ざわっと風が通り、城内から声が聞こえてきた。二人のやり取りが誰かに気付かれたのかもしれない。
ラクチェアが息を飲み警戒しているのを一瞥した後、フォルスは剣を拾い鞘に納め城内へ続く扉へと歩き出した。
「早く行きなさい。見つかりますよ」
「フォルス様……」
「ほらさっさと。まったくトロい娘ですねえ」
「あ、ありがとうございます」
勢い良く頭を下げ、ラクチェアは闇の中に姿を消していった。それを見送り、フォルスは扉をくぐる。
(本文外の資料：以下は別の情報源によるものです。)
lemma best_const_holder:
  fixes A B C K K1 K2 :: "'i \<Rightarrow> ennreal"
  assumes \<theta>: "0 < \<theta>" "\<theta> < 1" and n: "0 < n"
    and interp: "\<And>i. P i \<Longrightarrow> A i \<le> enn_powr (B i) \<theta> * enn_powr (C i) (1 - \<theta>)"
    and weights: "\<And>i. P i \<Longrightarrow> K i = enn_powr (K1 i) \<theta> * enn_powr (K2 i) (1 - \<theta>)"
    and top1: "\<And>i. P i \<Longrightarrow> K1 i = top \<Longrightarrow> K i = top"
    and top2: "\<And>i. P i \<Longrightarrow> K2 i = top \<Longrightarrow> K i = top"
  shows "best_const n P A K
    \<le> enn_powr (best_const n P B K1) \<theta> * enn_powr (best_const n P C K2) (1 - \<theta>)"
    (is "_ \<le> enn_powr ?X \<theta> * enn_powr ?Y (1 - \<theta>)")
proof -
  have near: "best_const n P A K \<le> enn_powr x \<theta> * enn_powr y (1 - \<theta>)"
    if "?X < x" "?Y < y" for x y
  proof (rule best_const_le)
    fix i assume "P i"
    have "A i \<le> enn_powr (x ^ n * K1 i) \<theta> * enn_powr (y ^ n * K2 i) (1 - \<theta>)"
      using best_const_bound[OF that(1) \<open>P i\<close>] best_const_bound[OF that(2) \<open>P i\<close>] \<theta>
      by (intro order_trans[OF interp[OF \<open>P i\<close>]] mult_mono enn_powr_mono) auto
    also have "\<dots> = (enn_powr x \<theta> * enn_powr y (1 - \<theta>)) ^ n * K i"
      using \<theta> weights[OF \<open>P i\<close>] by (simp add: enn_powr_mult enn_powr_power power_mult_distrib mult_ac)
    finally show "A i \<le> (enn_powr x \<theta> * enn_powr y (1 - \<theta>)) ^ n * K i" .
  qed
  \<comment> \<open>For X = 0 the bounds at M > 0 do not pass to M = 0 where a weight is infinite
    (0 * \<top> = 0), so that case is argued separately.\<close>
  consider "?X = 0 \<or> ?Y = 0" | "?X = top \<or> ?Y = top" "?X \<noteq> 0" "?Y \<noteq> 0"
    | X0 Y0 where "?X = ennreal X0" "?Y = ennreal Y0" "0 < X0" "0 < Y0"
    by (metis ennreal_cases ennreal_eq_0_iff not_less)
  then show ?thesis
  proof cases
    case 1
    have "best_const n P A K = 0"
    proof (rule best_const_eq_0I)
      fix i assume "P i" "K i < top"
      then have "K1 i < top" "K2 i < top"
        using top1 top2 by (metis less_top)+
      then have "B i = 0 \<or> C i = 0"
        using 1 best_const_eq_0D[of n P B K1, OF _ n \<open>P i\<close>]
          best_const_eq_0D[of n P C K2, OF _ n \<open>P i\<close>]
        by blast
      then show "A i = 0"
        using interp[OF \<open>P i\<close>] \<theta> by auto
    qed
    then show ?thesis by simp
  next
    case 2
    then have "enn_powr ?X \<theta> * enn_powr ?Y (1 - \<theta>) = top"
      using \<theta> by (auto simp: enn_powr_mult_eq_top_iff)
    then show ?thesis by simp
  next
    case 3
    with \<theta> near show ?thesis
      by (auto intro: le_weighted_geometric_mean_from_above)
  qed
qed

lemma weighted_young:
  fixes a b U V \<theta> :: real
  assumes "0 \<le> a" "0 \<le> b" "0 < U" "0 < V" "0 < \<theta>" "\<theta> < 1"
  shows "a powr \<theta> * b powr (1 - \<theta>)
    \<le> U powr \<theta> * V powr (1 - \<theta>) * (\<theta> * (a / U) + (1 - \<theta>) * (b / V))"
proof (cases "a = 0 \<or> b = 0")
  case True
  with assms show ?thesis by (auto intro!: mult_nonneg_nonneg add_nonneg_nonneg)
next
  case False
  with assms have "(a / U) powr \<theta> * (b / V) powr (1 - \<theta>) \<le> \<theta> * (a / U) + (1 - \<theta>) * (b / V)"
    by (intro Youngs_inequality_0) auto
  moreover have "a powr \<theta> * b powr (1 - \<theta>)
      = U powr \<theta> * V powr (1 - \<theta>) * ((a / U) powr \<theta> * (b / V) powr (1 - \<theta>))"
    using assms by (simp add: powr_divide field_simps)
  ultimately show ?thesis
    using assms by (simp add: mult_left_mono)
qed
廊下を歩いてくる神官達がフォルスを見つけ、不安そうな表情で話し掛けた。
「フォルス殿、こちらから物音や声が聞こえたのですが……」
「すみません、見回っていたメイダを不審者と勘違いしてしまって。うっかり斬りかかってしまったんです。ねえ、メイダ?」
話を振られたタイミングで、物陰からメイダがのろのろと姿を現す。緊張感のない笑顔でフォルスの話を肯定すると、神官達はホッとした顔で通り過ぎていった。
「……ちゃんと覚悟してたじゃない、ラクチェア」
「彼女の馬鹿さ加減には驚かされますよ。ラクチェアらしいと言えば、ラクチェアらしいんですが」
フォルスの素直じゃない性格を熟知したメイダは笑う。
「それでも、味方になってあげるんでしょ?」
メイダが自分の一番の理解者であると認識しているフォルスは笑う。